## TO DO
Within the data below, state how many lines contain the string "auto". Provide the number only.

## SUPPLIED MATERIAL
lemma RA_add [simp]: "f \<in> RA \<Longrightarrow> g \<in> RA \<Longrightarrow> (\<lambda>i. f i + g i :: 'b::monoid_add) \<in> RA"
  by (rule RA_if_support_subset[of "{i. f i \<noteq> 0} \<union> {i. g i \<noteq> 0}"]) (auto simp: RA_def)

lemma RA_plus [simp]: "f \<in> RA \<Longrightarrow> g \<in> RA \<Longrightarrow> f + (g :: nat \<Rightarrow> 'b::monoid_add) \<in> RA"
  using RA_add[of f g] by (simp add: plus_fun_def)

lemma RA_map: "f \<in> RA \<Longrightarrow> L 0 = 0 \<Longrightarrow> (\<lambda>i. L (f i)) \<in> RA"
  by (rule RA_if_support_subset[of "{i. f i \<noteq> 0}"]) (auto simp: RA_def)

lemma RA_uminus [simp]: "f \<in> RA \<Longrightarrow> (\<lambda>i. - f i :: 'b::group_add) \<in> RA"
  by (rule RA_map) auto

lemma RA_sum [simp]: "(\<And>s. s \<in> A \<Longrightarrow> G s \<in> RA) \<Longrightarrow> (\<lambda>i. \<Sum>s\<in>A. G s i :: 'b::comm_monoid_add) \<in> RA"
  by (induct A rule: infinite_finite_induct) simp_all

lemma RA_emb_in_RA [simp]: "RA_emb u \<in> RA"
  by (rule RA_if_support_subset[of "{0}"]) (auto simp: RA_emb_def)

text \<open>Multiplication by \<open>\<partial>\<^sup>t\<close>.\<close>
definition shift :: "nat \<Rightarrow> (nat \<Rightarrow> 'b::zero) \<Rightarrow> nat \<Rightarrow> 'b" where
  "shift t f i = (if t \<le> i then f (i - t) else 0)"

lemma shift_0 [simp]: "shift 0 f = f"
  by (simp add: shift_def fun_eq_iff)

lemma shift_zero [simp]: "shift t 0 = 0"
  by (simp add: shift_def fun_eq_iff)

lemma RA_shift [simp]: "f \<in> RA \<Longrightarrow> shift t f \<in> RA"
  by (rule RA_if_support_subset[of "(\<lambda>i. i + t) ` {i. f i \<noteq> 0}"])
    (auto simp: RA_def shift_def image_iff intro!: exI[of _ "_ - t"])

lemma RA_D_eq_shift: "RA_D = shift 1"
  by (auto simp: RA_D_def shift_def fun_eq_iff)

lemma RA_D_funpow: "(RA_D ^^ m) a = shift m a"
  by (induct m) (auto simp: RA_D_eq_shift shift_def fun_eq_iff)

lemma RA_D_in_RA [simp]: "a \<in> RA \<Longrightarrow> RA_D a \<in> RA"
  by (simp add: RA_D_eq_shift)

definition RA_lam :: "(nat \<Rightarrow> nat \<Rightarrow> 'b::zero) \<Rightarrow> bool" where
  "RA_lam P \<longleftrightarrow> finite {j. P j \<noteq> 0} \<and> (\<forall>j. P j \<in> RA)"

lemma RA_lam_if_support_subset:
  "finite J \<Longrightarrow> (\<And>j. j \<notin> J \<Longrightarrow> P j = 0) \<Longrightarrow> (\<And>j. P j \<in> RA) \<Longrightarrow> RA_lam P"
  unfolding RA_lam_def by (metis (mono_tags, lifting) finite_subset mem_Collect_eq subsetI)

## EXERCISE SOLUTION
7